Cotert Hamit Serdar, Akcay Ilgin, Cotert Irem, Altinova Hepdurgun Ece
Department of Prosthodontics, Faculty of Dentistry, Ege University, Bornova, İzmir, Turkey.
Department of Endodontics, Faculty of Dentistry, Ege University, Bornova, İzmir, Turkey.
Clin Cosmet Investig Dent. 2021 Dec 29;13:541-552. doi: 10.2147/CCIDE.S345367. eCollection 2021.
A treatment protocol involving the root canal treatment with conventional palatal access cavity and the partial veneer application may considerably reduce the fracture resistance of the teeth. On the other hand, labial access cavity within the partial veneer outlines followed with the partial veneer application may more successfully recover the lost fracture resistance of the endodontically treated teeth. In this regard, the present study aims to compare the fracture resistances of upper central incisors endodontically treated with palatal and labial accesses and restored with restorative resin composite and lithium disilicate partial veneers.

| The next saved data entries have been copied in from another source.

text \<open>In terms of forms, \<open>\<iota>\<^sub>x(\<eta> \<and> \<omega>\<^sup>n) = 0\<close>, and a top-degree form with a nonzero vector in its
  kernel vanishes.\<close>
lemma eta_wedge_omega_pow_eq_0:
  fixes \<eta> :: "'a::euclidean_space \<Rightarrow> real"
  assumes dim: "DIM('a) = 2*n+1" and \<eta>: "linear \<eta>" and \<omega>: "two_form \<omega>"
    and x: "x \<noteq> 0" "\<eta> x = 0" "\<forall>y. \<omega> x y = c * \<eta> y"
  shows "eta_wedge_omega_pow \<eta> \<omega> n v = 0"
proof (cases "\<exists>e. \<eta> e \<noteq> 0")
  case False
  then show ?thesis by (simp add: eta_wedge_omega_pow_def)
next
  case True
  then obtain e0 where "\<eta> e0 \<noteq> 0" by blast
  then have "\<eta> ((1 / \<eta> e0) *\<^sub>R e0) = 1" by (simp add: linear_cmul[OF \<eta>])
  then obtain b where b: "b 0 = x" "b 1 = (1 / \<eta> e0) *\<^sub>R e0" "\<forall>k\<ge>2. \<eta> (b k) = 0"
      "\<And>y. \<exists>c. y = (\<Sum>i<2*n+1. c i *\<^sub>R b i)"
    using ex_spanning_seq_adapted[OF \<eta> x(1,2)] dim by metis
  let ?G = "eta_omega_term \<eta> \<omega> n"
  have zero_on_b: "alternation ?G (2*n+1) b = 0"
    unfolding alternation_def
  proof (intro sum.neutral ballI)
    fix p assume "p \<in> {p. p permutes {0..<2*n+1}}"
    then have p: "p permutes {0..<2*n+1}" by simp
    have "?G (b \<circ> p) = 0"
    proof (rule eta_omega_term_eq_0[OF \<omega> x(2,3), of "inv p 0" n _ "inv p 1"])
      show "inv p 0 < 2*n+1" using permutes_in_image[OF permutes_inv[OF p], of 0] by simp
      show "(b \<circ> p) (inv p 0) = x" using permutes_inverses(1)[OF p] b(1) by simp
      show "\<forall>i<2*n+1. i \<noteq> inv p 0 \<and> i \<noteq> inv p 1 \<longrightarrow> \<eta> ((b \<circ> p) i) = 0"
      proof (intro allI impI)
        fix i assume "i < 2*n+1" "i \<noteq> inv p 0 \<and> i \<noteq> inv p 1"
        then have "p i \<noteq> 0" "p i \<noteq> 1" using permutes_inverses(2)[OF p] by metis+
        then show "\<eta> ((b \<circ> p) i) = 0" using b(3) by simp
      qed
    qed
    then show "of_int (sign p) * ?G (b \<circ> p) = 0" by simp
  qed
  have "bilinear \<omega>" using \<omega> unfolding two_form_def by simp
  then have "alternation ?G (2*n+1) v = 0"
    by (rule alternation_eq_0_if_eq_0_on_basis[OF linear_eta_omega_term_upd[OF \<eta>]
          eta_omega_term_cong b(4) zero_on_b])
  then show ?thesis by (simp add: eta_wedge_omega_pow_eq_alternation)
qed

lemma inner_sum_Basis_scaleR:
  fixes y :: "'a::euclidean_space"
  assumes "linear f"
  shows "(\<Sum>i\<in>Basis. f i *\<^sub>R i) \<bullet> y = f y"
proof -
  have "(\<Sum>i\<in>Basis. f i *\<^sub>R i) \<bullet> y = (\<Sum>i\<in>Basis. f i * (i \<bullet> y))"
    by (simp add: inner_sum_left)
  also have "\<dots> = f (\<Sum>i\<in>Basis. (y \<bullet> i) *\<^sub>R i)"
    by (simp add: real_vector.linear_sum[OF assms] linear_cmul[OF assms] inner_commute mult.commute)
  finally show ?thesis by (simp add: euclidean_representation)
qed

text \<open>If \<open>\<omega>\<close> were nondegenerate, \<open>\<omega> x = \<eta>\<close> would be solvable, and then \<open>\<eta> x = \<omega> x x = 0\<close>
  contradicts \<open>eta_wedge_omega_pow_eq_0\<close>; so \<open>\<omega>\<close> has a radical vector, necessarily outside
  \<open>ker \<eta>\<close>.\<close>
lemma ex_reeb_vector:
  fixes \<eta> :: "'a::euclidean_space \<Rightarrow> real"
  assumes dim: "DIM('a) = 2*n+1" and \<eta>: "linear \<eta>" and \<omega>: "two_form \<omega>"
    and nondeg: "eta_wedge_omega_pow \<eta> \<omega> n v \<noteq> 0"
  shows "\<exists>\<xi>. \<eta> \<xi> = 1 \<and> (\<forall>y. \<omega> \<xi> y = 0)"
proof -
  have \<omega>_left: "linear (\<lambda>x. \<omega> x y)" and \<omega>_right: "linear (\<omega> x)" for x y
    using \<omega> unfolding two_form_def bilinear_def by auto
  obtain z where z: "z \<noteq> 0" "\<forall>y. \<omega> z y = 0"
  proof (rule ccontr)
    assume no_radical: "\<not> thesis"
    define M where "M x = (\<Sum>i\<in>Basis. \<omega> x i *\<^sub>R i)" for x
    have M: "M x \<bullet> y = \<omega> x y" for x y
      unfolding M_def by (rule inner_sum_Basis_scaleR[OF \<omega>_right])
    have linear_M: "linear M"
      unfolding linear_iff M_def
      by (simp add: linear_add[OF \<omega>_left] linear_cmul[OF \<omega>_left] scaleR_add_left sum.distrib
          scaleR_sum_right)
    moreover have "inj M"
    proof (rule injI)
      fix a c assume "M a = M c"
      then have "M (a - c) = 0" by (simp add: linear_diff[OF linear_M])
      then have "\<forall>y. \<omega> (a - c) y = 0" using M by (metis inner_zero_left)
      then show "a = c" using no_radical that[of "a - c"] by auto
    qed
    ultimately obtain x where x: "M x = (\<Sum>i\<in>Basis. \<eta> i *\<^sub>R i)"
      using eucl.linear_injective_imp_surjective by (metis surjD)
    then have \<omega>x: "\<forall>y. \<omega> x y = 1 * \<eta> y"
      using M inner_sum_Basis_scaleR[OF \<eta>] by (metis mult_1)
    then have "\<eta> x = 0" using \<omega> unfolding two_form_def by (metis mult_1)
    moreover have "x \<noteq> 0"
    proof
      assume "x = 0"
      then have "\<forall>y. \<eta> y = 0" using \<omega>x linear_0[OF \<omega>_left] by simp
      then show False using nondeg by (simp add: eta_wedge_omega_pow_def)
    qed
    ultimately show False using eta_wedge_omega_pow_eq_0[OF dim \<eta> \<omega> _ _ \<omega>x] nondeg by blast
  qed
  have "\<eta> z \<noteq> 0" using eta_wedge_omega_pow_eq_0[OF dim \<eta> \<omega> z(1), of 0] z(2) nondeg by auto
  then have "\<eta> ((1 / \<eta> z) *\<^sub>R z) = 1 \<and> (\<forall>y. \<omega> ((1 / \<eta> z) *\<^sub>R z) y = 0)"
    using z(2) by (simp add: linear_cmul[OF \<eta>] linear_cmul[OF \<omega>_left])
  then show ?thesis by blast
qed

lemma reeb_vector_unique:
  fixes \<eta> :: "'a::euclidean_space \<Rightarrow> real"
  assumes dim: "DIM('a) = 2*n+1" and \<eta>: "linear \<eta>" and \<omega>: "two_form \<omega>"
    and nondeg: "eta_wedge_omega_pow \<eta> \<omega> n v \<noteq> 0"
    and \<xi>: "\<eta> \<xi> = 1" "\<forall>y. \<omega> \<xi> y = 0" and \<xi>': "\<eta> \<xi>' = 1" "\<forall>y. \<omega> \<xi>' y = 0"
  shows "\<xi> = \<xi>'"
proof (rule ccontr)
  assume "\<xi> \<noteq> \<xi>'"
  then have "\<xi> - \<xi>' \<noteq> 0" by simp
  moreover have "\<eta> (\<xi> - \<xi>') = 0" using \<xi> \<xi>' by (simp add: linear_diff[OF \<eta>])
  moreover have "\<forall>y. \<omega> (\<xi> - \<xi>') y = 0 * \<eta> y"
    using \<xi> \<xi>' \<omega> unfolding two_form_def by (simp add: bilinear_lsub)
  ultimately show False using eta_wedge_omega_pow_eq_0[OF dim \<eta> \<omega>, of "\<xi> - \<xi>'" 0 v] nondeg by blast
qed

lemma
  fixes \<eta> :: "'a::euclidean_space \<Rightarrow> real"
  assumes "DIM('a) = 2*n+1" "almost_cosymplectic n br \<eta> \<omega>"
  shows reeb_eta: "\<eta> (reeb \<eta> \<omega>) = 1"
    and reeb_radical: "\<omega> (reeb \<eta> \<omega>) y = 0"
    and reeb_unique: "\<eta> \<xi> = 1 \<Longrightarrow> \<forall>y. \<omega> \<xi> y = 0 \<Longrightarrow> reeb \<eta> \<omega> = \<xi>"
proof -
  obtain v where "linear \<eta>" "two_form \<omega>" "eta_wedge_omega_pow \<eta> \<omega> n v \<noteq> 0"
    using assms(2) unfolding almost_cosymplectic_def by blast
  note ex_reeb_vector[OF assms(1) this] reeb_vector_unique[OF assms(1) this]
  then have unique: "\<exists>!\<xi>. \<eta> \<xi> = 1 \<and> (\<forall>y. \<omega> \<xi> y = 0)" by blast
  from theI'[OF unique] show "\<eta> (reeb \<eta> \<omega>) = 1" "\<omega> (reeb \<eta> \<omega>) y = 0"
    unfolding reeb_def by auto
  show "\<eta> \<xi> = 1 \<Longrightarrow> \<forall>y. \<omega> \<xi> y = 0 \<Longrightarrow> reeb \<eta> \<omega> = \<xi>"
    unfolding reeb_def by (rule the1_equality[OF unique]) simp
qed

section \<open>Restricting and extending isomorphisms\<close>

lemma two_form_add_radical:
  assumes \<omega>: "two_form \<omega>" and \<xi>: "\<forall>y. \<omega> \<xi> y = 0"
  shows "\<omega> (u + a *\<^sub>R \<xi>) (v + c *\<^sub>R \<xi>) = \<omega> u v"
proof -
  have b: "bilinear \<omega>" using \<omega> unfolding two_form_def by simp
  have "\<omega> y \<xi> = 0" for y using two_form_antisym[OF \<omega>, of y \<xi>] \<xi> by simp
  then show ?thesis
    using \<xi> by (simp add: bilinear_ladd[OF b] bilinear_radd[OF b] bilinear_lmul[OF b] bilinear_rmul[OF b])
qed

lemma lie_bracket_add_scaleR:
  assumes "lie_algebra br"
  shows "br (h + a *\<^sub>R \<xi>) (k + c *\<^sub>R \<xi>) = br h k - c *\<^sub>R br \<xi> h + a *\<^sub>R br \<xi> k"
proof -
  have b: "bilinear br" and alt: "\<And>x. br x x = 0" using assms unfolding lie_algebra_def by auto
  have "br h \<xi> = - br \<xi> h" by (rule bilinear_antisym[OF b alt])
  then show ?thesis
    by (simp add: bilinear_ladd[OF b] bilinear_radd[OF b] bilinear_lmul[OF b] bilinear_rmul[OF b]
        alt algebra_simps)
qed

text \<open>An isomorphism maps the Reeb vector to the Reeb vector, hence intertwines the
  derivations \<open>ad \<xi>\<close> of the kernels.\<close>
lemma acs_iso_restrict_kernel:
  assumes \<Psi>: "acs_iso br1 \<eta>1 \<omega>1 br2 \<eta>2 \<omega>2 \<Psi>"
    and \<xi>1: "\<eta>1 \<xi>1 = 1" "\<forall>y. \<omega>1 \<xi>1 y = 0"
    and \<xi>2_unique: "\<And>\<xi>. \<eta>2 \<xi> = 1 \<Longrightarrow> \<forall>y. \<omega>2 \<xi> y = 0 \<Longrightarrow> \<xi>2 = \<xi>"
  shows "as_iso_on {x. \<eta>1 x = 0} br1 \<omega>1 {x. \<eta>2 x = 0} br2 \<omega>2 \<Psi> \<and>
    (\<forall>x\<in>{x. \<eta>1 x = 0}. \<Psi> (br1 \<xi>1 x) = br2 \<xi>2 (\<Psi> x))"
proof -
  have lin: "linear \<Psi>" and "bij \<Psi>" and br: "\<And>x y. \<Psi> (br1 x y) = br2 (\<Psi> x) (\<Psi> y)"
    and \<omega>: "\<And>x y. \<omega>2 (\<Psi> x) (\<Psi> y) = \<omega>1 x y" and \<eta>: "\<And>x. \<eta>2 (\<Psi> x) = \<eta>1 x"
    using \<Psi> unfolding acs_iso_def by auto
  have "\<Psi> ` {x. \<eta>1 x = 0} = {x. \<eta>2 x = 0}"
  proof
    show "\<Psi> ` {x. \<eta>1 x = 0} \<subseteq> {x. \<eta>2 x = 0}" using \<eta> by auto
    show "{x. \<eta>2 x = 0} \<subseteq> \<Psi> ` {x. \<eta>1 x = 0}"
    proof
      fix y assume "y \<in> {x. \<eta>2 x = 0}"
      moreover obtain x where "y = \<Psi> x" using \<open>bij \<Psi>\<close> by (blast elim: bij_pointE)
      ultimately show "y \<in> \<Psi> ` {x. \<eta>1 x = 0}" using \<eta> by auto
    qed
  qed
  then have "bij_betw \<Psi> {x. \<eta>1 x = 0} {x. \<eta>2 x = 0}"
    using \<open>bij \<Psi>\<close> by (auto simp: bij_betw_def bij_def intro: inj_on_subset)
  moreover have "\<Psi> \<xi>1 = \<xi>2"
  proof (rule \<xi>2_unique[symmetric])
    show "\<eta>2 (\<Psi> \<xi>1) = 1" using \<eta> \<xi>1(1) by simp
    show "\<forall>y. \<omega>2 (\<Psi> \<xi>1) y = 0"
      using \<omega> \<xi>1(2) \<open>bij \<Psi>\<close> by (metis bij_pointE)
  qed
  ultimately show ?thesis
    unfolding as_iso_on_def using lin br \<omega> by (simp add: linear_add linear_cmul)
qed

Three groups consisting ten specimens each were prepared by using extracted sound human upper central incisors. Root canal treatments with palatal access, resin composite restoration of the access cavities and veneer restorations were applied to the first group (Group P). Root canal treatments with labial access, resin composite restoration of the access cavities and veneer restorations was applied to the second group (Group L). Veneer restorations were applied to the third group (Group C) without root canal treatment. Specimens were thermocycled and loaded to fracture in order to record their fracture resistances.
The mean fracture resistance of Group C was observed to be significantly higher, compared to Groups P and L (P < 0.05). Fracture resistance of Group L was observed to be higher, compared to Group P, but the difference was not found statistically significant. Light microscope revealed that the specimens fractured in five different modes.
Although the mean fracture resistance of the teeth that endodontically treated with labial access cavity prior to the ceramic partial veneer application was higher in comparison with the teeth that endodontically treated with palatal access cavity prior to the ceramic partial veneer application, the difference was found statistically insignificant (P < 0.05).
一种涉及传统腭侧入路根管治疗和部分贴面修复的治疗方案可能会显著降低牙齿的抗折性。另一方面,在部分贴面轮廓内采用唇侧入路并随后进行部分贴面修复,可能更成功地恢复经根管治疗牙齿丧失的抗折性。在这方面,本研究旨在比较经腭侧和唇侧入路根管治疗并用复合树脂和二硅酸锂部分贴面修复的上颌中切牙的抗折性。
使用拔除的健康人上颌中切牙制备三组样本,每组十个。第一组(P组)进行腭侧入路根管治疗、入路洞型的树脂复合修复和贴面修复。第二组(L组)进行唇侧入路根管治疗、入路洞型的树脂复合修复和贴面修复。第三组(C组)未进行根管治疗,仅进行贴面修复。对样本进行热循环处理并加载直至折断,以记录其抗折性。
观察到C组的平均抗折性明显高于P组和L组(P < 0.05)。观察到L组的抗折性高于P组,但差异无统计学意义。光学显微镜显示样本以五种不同模式折断。
尽管在应用陶瓷部分贴面之前经唇侧入路根管治疗的牙齿的平均抗折性高于经腭侧入路根管治疗的牙齿,但差异无统计学意义(P < 0.05)。